Featuring caramel ice cream with white fudge-covered caramel popcorn, toffee-coated peanuts and a caramel swirl, Peanuts! Popcorn! was a hit with fans, until they found its one fundamental flaw. We sat down with Eric to talk about this flavour flop and get the inside scoop.
Where did the idea for Peanuts! Popcorn! come from?
It was my idea. The idea was to mimic the flavour profile of those peanut and caramel popcorn snack boxes, the ones with the prize inside. It was a great flavour when we first developed it and we all had really high hopes. It had a bit of nostalgia to it, you felt like you were sitting in a baseball stadium watching a ball game with guys yelling, “Peanuts! Popcorn!” and selling snacks. I love to create those flavours that bring you back to a moment in time.
What was the development process like?
We generally take about three or four tries to get a flavour just right, depending on the complexity of the flavour. You have to tweak ingredients here and there to get the flavours and textures just right. Whatever the flavour profile you’re trying to deliver on, people should feel it as soon as they take a bite, it should trigger all those memories. For Peanuts! Popcorn!, that’s ball games, movie theaters, digging into the box for the prize at the bottom when you’re a kid. I wanted to trigger that nostalgia.
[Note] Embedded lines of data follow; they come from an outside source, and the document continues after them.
lemma framed_list_permutes_iff:
  assumes outside: "\<And>k. k \<notin> {1..N} \<Longrightarrow> \<tau> k = k"
  shows "\<tau> permutes {1..N} \<longleftrightarrow> distinct (framed_list N \<tau>) \<and> set (framed_list N \<tau>) = {1..N+2}"
proof -
  have upt: "set [1..<N+1] = {1..N}"
    by auto
  have set_eq: "set (framed_list N \<tau>) = insert (N + 2) (insert (N + 1) (\<tau> ` {1..N}))"
    using upt by (auto simp: framed_list_def simp del: upt_Suc)
  have distinct_iff: "distinct (framed_list N \<tau>) \<longleftrightarrow>
      inj_on \<tau> {1..N} \<and> N + 2 \<notin> \<tau> ` {1..N} \<and> N + 1 \<notin> \<tau> ` {1..N}"
    using upt by (auto simp: framed_list_def distinct_map simp del: upt_Suc)
  show ?thesis
  proof
    assume p: "\<tau> permutes {1..N}"
    then show "distinct (framed_list N \<tau>) \<and> set (framed_list N \<tau>) = {1..N+2}"
      using permutes_image[OF p] permutes_inj_on[OF p] set_eq distinct_iff by auto
  next
    assume "distinct (framed_list N \<tau>) \<and> set (framed_list N \<tau>) = {1..N+2}"
    then have inj: "inj_on \<tau> {1..N}" and avoid: "N + 2 \<notin> \<tau> ` {1..N}" "N + 1 \<notin> \<tau> ` {1..N}"
      and sub: "\<tau> ` {1..N} \<subseteq> {1..N+2}"
      using set_eq distinct_iff by blast+
    have "\<tau> k \<in> {1..N}" if "k \<in> {1..N}" for k
    proof -
      have img: "\<tau> k \<in> \<tau> ` {1..N}"
        using that by blast
      have "\<tau> k \<in> {1..N+2}"
        using sub img by (rule subsetD)
      moreover have "\<tau> k \<noteq> N + 1" "\<tau> k \<noteq> N + 2"
        using img avoid by metis+
      ultimately show ?thesis
        by auto
    qed
    then show "\<tau> permutes {1..N}"
      using inj outside by (intro inj_imp_permutes) auto
  qed
qed

lemma framed_cycle_apply:
  assumes p: "\<tau> permutes {1..N}" and N: "N \<ge> 1"
  shows "framed_cycle N \<tau> (N + 2) = \<tau> 1"
    and "\<And>k. 1 \<le> k \<Longrightarrow> k < N \<Longrightarrow> framed_cycle N \<tau> (\<tau> k) = \<tau> (Suc k)"
    and "framed_cycle N \<tau> (\<tau> N) = N + 1"
    and "framed_cycle N \<tau> (N + 1) = N + 2"
proof -
  have d: "distinct (framed_list N \<tau>)"
    using framed_list_permutes_iff[OF permutes_not_in[OF p]] p by simp
  have step: "framed_cycle N \<tau> (framed_list N \<tau> ! k) = framed_list N \<tau> ! (Suc k mod (N + 2))"
    if "k \<le> N + 1" for k
    using cycle_of_list_nth[OF d, of k] that by (simp add: framed_cycle_def)
  show "framed_cycle N \<tau> (N + 2) = \<tau> 1"
    using step[of 0] N by (simp add: framed_list_nth)
  show "framed_cycle N \<tau> (\<tau> k) = \<tau> (Suc k)" if "1 \<le> k" "k < N" for k
    using step[of k] that by (simp add: framed_list_nth)
  show "framed_cycle N \<tau> (\<tau> N) = N + 1"
    using step[of N] N by (simp add: framed_list_nth)
  show "framed_cycle N \<tau> (N + 1) = N + 2"
    using step[of "N + 1"] by (simp add: framed_list_nth)
qed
What did you think of Peanuts! Popcorn! when it was finished?
Loved it. It was a nice little flavour, all the elements came together really well. The popcorn and the peanuts had just the right crunch. It was a real winner.
So, what happened? What was the big flaw?
The popcorn was the big issue. When you mix things into ice cream, the moisture of the ice cream eventually seeps into them, changing the texture. That’s why when we mix cookies or pretzels into our flavours, we usually coat them in chocolate to protect them. It forms a barrier that’s delicious but also keeps things crunchy. But the popcorn was so oddly shaped that the white fudge didn’t do its job properly and the popcorn got soggy. And nobody wants to eat soggy popcorn. We started getting calls and letters from unhappy folks and we agreed, it was a flop of a flavour. Once you lose the crunch of the popcorn, you lose the moment, you lose that nostalgia.
Tell me more about chocolate coatings, they’re really not just an excuse to add more chocolate?
Nope, that chocolate has a really important purpose. If you want anything to stay crunchy, it needs a barrier around it to protect it from the moisture of the ice cream. Sometimes, though, we want things to have a softer texture, like the sandwich cookies in S'wich Up or Peanut Butter & Cookies Non-Dairy, so those are intentionally not coated. Or brownies, you want those to be soft and chewy.
If you were to remake it today, do you think you could make a version that didn’t have soggy popcorn?
Definitely. Today we could use kettle corn which is shaped differently and would hold a chocolate coating better. I don’t think anybody’s interested in revisiting it, but in theory, we could do it much better today.